DIRECTIONS FOR THIS TASK:
Below are the records; print them all without any alteration.

+-------+

lemma wadj_nonneg:
  assumes "\<forall>e\<in>E. w e > 0" "a < n" "b < n"
  shows "0 \<le> wadj n E ends w $$ (a,b)"
  using assms unfolding wadj_def by (auto intro: sum_nonneg less_imp_le)

lemma wadj_pos_if_edge:
  assumes "finite E" "\<forall>e\<in>E. w e > 0" "a < n" "b < n" "e \<in> E" "ends e = {a,b}"
  shows "0 < wadj n E ends w $$ (a,b)"
  using assms unfolding wadj_def by (auto intro!: sum_pos2[of _ e] less_imp_le)

lemma resolvent_wadj:
  fixes n :: nat and E :: "'e set" and ends :: "'e \<Rightarrow> nat set" and w :: "'e \<Rightarrow> real" and t :: real
  defines "A \<equiv> wadj n E ends w" and "R \<equiv> resolvent (wadj n E ends w) t"
  assumes fin: "finite E" and ends_range: "\<forall>e\<in>E. ends e \<subseteq> {0..<n}"
    and w_pos: "\<forall>e\<in>E. w e > 0"
    and conn: "multigraph_connected n E ends"
    and t: "0 < t" "t < 1 / spectral_radius (map_mat complex_of_real A)"
  shows "(1\<^sub>m n - t \<cdot>\<^sub>m A) * R = 1\<^sub>m n" "R \<in> carrier_mat n n" "transpose_mat R = R"
    and "\<And>a b. a < n \<Longrightarrow> b < n \<Longrightarrow> 0 < R $$ (a,b)"
proof -
  define B where "B = t \<cdot>\<^sub>m A"
  have A: "A \<in> carrier_mat n n" unfolding A_def by (rule wadj_carrier)
  have B: "B \<in> carrier_mat n n" using A unfolding B_def by simp
  have B_nonneg: "0 \<le> B $$ (a,b)" if "a < n" "b < n" for a b
    using that t A wadj_nonneg[OF w_pos] unfolding B_def A_def by simp
  have edges: "a < n \<and> b < n \<and> 0 < B $$ (a,b)" if "\<exists>e\<in>E. ends e = {a,b}" for a b
    using that ends_range t A wadj_pos_if_edge[OF fin w_pos] unfolding B_def A_def by fastforce
  have powers: "(\<lambda>k. (B ^\<^sub>m k) $$ (a,b)) \<longlonglongrightarrow> 0" if "a < n" "b < n" for a b
    using spectral_radius_smult_real_lt_1[OF A _ t] B that unfolding B_def
    by (intro real_pow_mat_tendsto_zero) auto
  have "det (1\<^sub>m n - B) \<noteq> 0" using B powers by (rule det_one_minus_mat_neq_0)
  then show inv: "(1\<^sub>m n - t \<cdot>\<^sub>m A) * R = 1\<^sub>m n" and R: "R \<in> carrier_mat n n"
    using resolvent_inverse[OF A] unfolding B_def R_def A_def by auto
  show "0 < R $$ (a,b)" if "a < n" "b < n" for a b
    using conn that unfolding multigraph_connected_def
    by (intro inverse_one_minus_mat_pos[OF B R inv[folded B_def] powers B_nonneg edges]) auto
  have "transpose_mat B = B" unfolding B_def A_def by (simp add: transpose_smult_mat transpose_wadj)
  then show "transpose_mat R = R"
    using transpose_inverse_of_symmetric[OF _ R inv[folded B_def]] transpose_minus[OF one_carrier_mat B] B
    by (simp add: minus_carrier_mat)
qed

theorem theorem2:
  fixes n :: nat and E :: "'e set" and ends :: "'e \<Rightarrow> nat set" and w :: "'e \<Rightarrow> real"
    and A :: "real mat" and t :: real and i j :: nat
  assumes "n \<ge> 2"
    and "finite E"
    and "\<forall>e\<in>E. ends e \<subseteq> {0..<n} \<and> ends e \<noteq> {} \<and> card (ends e) \<le> 2"
    and "\<forall>e\<in>E. w e > 0"
    and "multigraph_connected n E ends"
    and "A = wadj n E ends w"
    and "0 < t" and "t < 1 / spectral_radius (map_mat complex_of_real A)"
    and "i < n" and "j < n" and "i \<noteq> j"
  shows "dist_t A t i j = - (1/2) * ln (cut_term A t i j * cut_term A t j i)"
proof -
  note ij = assms(9-11)
  define R where "R = resolvent A t"
  have A: "A \<in> carrier_mat n n" unfolding assms(6) by (rule wadj_carrier)
  have "\<forall>e\<in>E. ends e \<subseteq> {0..<n}" using assms(3) by blast
  note resolvent_wadj[OF assms(2) this assms(4,5,7) assms(8)[unfolded assms(6)]]
  then have inv: "(1\<^sub>m n - t \<cdot>\<^sub>m A) * R = 1\<^sub>m n" and R: "R \<in> carrier_mat n n"
    and R_sym: "R $$ (j,i) = R $$ (i,j)" and R_pos: "\<And>a b. a < n \<Longrightarrow> b < n \<Longrightarrow> 0 < R $$ (a,b)"
    using ij unfolding R_def assms(6) by (auto dest!: arg_cong[where f = "\<lambda>X. X $$ (i,j)"])
  have cut: "cut_term A t a b = R $$ (a,b) / R $$ (b,b)" if "a < n" "b < n" "a \<noteq> b" for a b
    using resolvent_offdiag_eq_cut_term[OF A _ R inv that] R_pos[of b b] that assms(7,8)
    by (simp add: field_simps)
  have "cut_term A t i j * cut_term A t j i = R $$ (i,j) / R $$ (j,j) * (R $$ (i,j) / R $$ (i,i))"
    using cut[of i j] cut[of j i] R_sym ij by auto
  then have "ln (cut_term A t i j * cut_term A t j i)
      = 2 * ln (R $$ (i,j)) - ln (R $$ (j,j)) - ln (R $$ (i,i))"
    using R_pos[of i i] R_pos[of j j] R_pos[of i j] ij by (simp add: ln_mult ln_div)
  then show ?thesis unfolding dist_t_def R_def[symmetric] by (simp add: field_simps)
qed

end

+-------+

COMPLETED EXERCISE:
lemma wadj_nonneg:
  assumes "\<forall>e\<in>E. w e > 0" "a < n" "b < n"
  shows "0 \<le> wadj n E ends w $$ (a,b)"
  using assms unfolding wadj_def by (auto intro: sum_nonneg less_imp_le)

lemma wadj_pos_if_edge:
  assumes "finite E" "\<forall>e\<in>E. w e > 0" "a < n" "b < n" "e \<in> E" "ends e = {a,b}"
  shows "0 < wadj n E ends w $$ (a,b)"
  using assms unfolding wadj_def by (auto intro!: sum_pos2[of _ e] less_imp_le)

lemma resolvent_wadj:
  fixes n :: nat and E :: "'e set" and ends :: "'e \<Rightarrow> nat set" and w :: "'e \<Rightarrow> real" and t :: real
  defines "A \<equiv> wadj n E ends w" and "R \<equiv> resolvent (wadj n E ends w) t"
  assumes fin: "finite E" and ends_range: "\<forall>e\<in>E. ends e \<subseteq> {0..<n}"
    and w_pos: "\<forall>e\<in>E. w e > 0"
    and conn: "multigraph_connected n E ends"
    and t: "0 < t" "t < 1 / spectral_radius (map_mat complex_of_real A)"
  shows "(1\<^sub>m n - t \<cdot>\<^sub>m A) * R = 1\<^sub>m n" "R \<in> carrier_mat n n" "transpose_mat R = R"
    and "\<And>a b. a < n \<Longrightarrow> b < n \<Longrightarrow> 0 < R $$ (a,b)"
proof -
  define B where "B = t \<cdot>\<^sub>m A"
  have A: "A \<in> carrier_mat n n" unfolding A_def by (rule wadj_carrier)
  have B: "B \<in> carrier_mat n n" using A unfolding B_def by simp
  have B_nonneg: "0 \<le> B $$ (a,b)" if "a < n" "b < n" for a b
    using that t A wadj_nonneg[OF w_pos] unfolding B_def A_def by simp
  have edges: "a < n \<and> b < n \<and> 0 < B $$ (a,b)" if "\<exists>e\<in>E. ends e = {a,b}" for a b
    using that ends_range t A wadj_pos_if_edge[OF fin w_pos] unfolding B_def A_def by fastforce
  have powers: "(\<lambda>k. (B ^\<^sub>m k) $$ (a,b)) \<longlonglongrightarrow> 0" if "a < n" "b < n" for a b
    using spectral_radius_smult_real_lt_1[OF A _ t] B that unfolding B_def
    by (intro real_pow_mat_tendsto_zero) auto
  have "det (1\<^sub>m n - B) \<noteq> 0" using B powers by (rule det_one_minus_mat_neq_0)
  then show inv: "(1\<^sub>m n - t \<cdot>\<^sub>m A) * R = 1\<^sub>m n" and R: "R \<in> carrier_mat n n"
    using resolvent_inverse[OF A] unfolding B_def R_def A_def by auto
  show "0 < R $$ (a,b)" if "a < n" "b < n" for a b
    using conn that unfolding multigraph_connected_def
    by (intro inverse_one_minus_mat_pos[OF B R inv[folded B_def] powers B_nonneg edges]) auto
  have "transpose_mat B = B" unfolding B_def A_def by (simp add: transpose_smult_mat transpose_wadj)
  then show "transpose_mat R = R"
    using transpose_inverse_of_symmetric[OF _ R inv[folded B_def]] transpose_minus[OF one_carrier_mat B] B
    by (simp add: minus_carrier_mat)
qed

theorem theorem2:
  fixes n :: nat and E :: "'e set" and ends :: "'e \<Rightarrow> nat set" and w :: "'e \<Rightarrow> real"
    and A :: "real mat" and t :: real and i j :: nat
  assumes "n \<ge> 2"
    and "finite E"
    and "\<forall>e\<in>E. ends e \<subseteq> {0..<n} \<and> ends e \<noteq> {} \<and> card (ends e) \<le> 2"
    and "\<forall>e\<in>E. w e > 0"
    and "multigraph_connected n E ends"
    and "A = wadj n E ends w"
    and "0 < t" and "t < 1 / spectral_radius (map_mat complex_of_real A)"
    and "i < n" and "j < n" and "i \<noteq> j"
  shows "dist_t A t i j = - (1/2) * ln (cut_term A t i j * cut_term A t j i)"
proof -
  note ij = assms(9-11)
  define R where "R = resolvent A t"
  have A: "A \<in> carrier_mat n n" unfolding assms(6) by (rule wadj_carrier)
  have "\<forall>e\<in>E. ends e \<subseteq> {0..<n}" using assms(3) by blast
  note resolvent_wadj[OF assms(2) this assms(4,5,7) assms(8)[unfolded assms(6)]]
  then have inv: "(1\<^sub>m n - t \<cdot>\<^sub>m A) * R = 1\<^sub>m n" and R: "R \<in> carrier_mat n n"
    and R_sym: "R $$ (j,i) = R $$ (i,j)" and R_pos: "\<And>a b. a < n \<Longrightarrow> b < n \<Longrightarrow> 0 < R $$ (a,b)"
    using ij unfolding R_def assms(6) by (auto dest!: arg_cong[where f = "\<lambda>X. X $$ (i,j)"])
  have cut: "cut_term A t a b = R $$ (a,b) / R $$ (b,b)" if "a < n" "b < n" "a \<noteq> b" for a b
    using resolvent_offdiag_eq_cut_term[OF A _ R inv that] R_pos[of b b] that assms(7,8)
    by (simp add: field_simps)
  have "cut_term A t i j * cut_term A t j i = R $$ (i,j) / R $$ (j,j) * (R $$ (i,j) / R $$ (i,i))"
    using cut[of i j] cut[of j i] R_sym ij by auto
  then have "ln (cut_term A t i j * cut_term A t j i)
      = 2 * ln (R $$ (i,j)) - ln (R $$ (j,j)) - ln (R $$ (i,i))"
    using R_pos[of i i] R_pos[of j j] R_pos[of i j] ij by (simp add: ln_mult ln_div)
  then show ?thesis unfolding dist_t_def R_def[symmetric] by (simp add: field_simps)
qed

end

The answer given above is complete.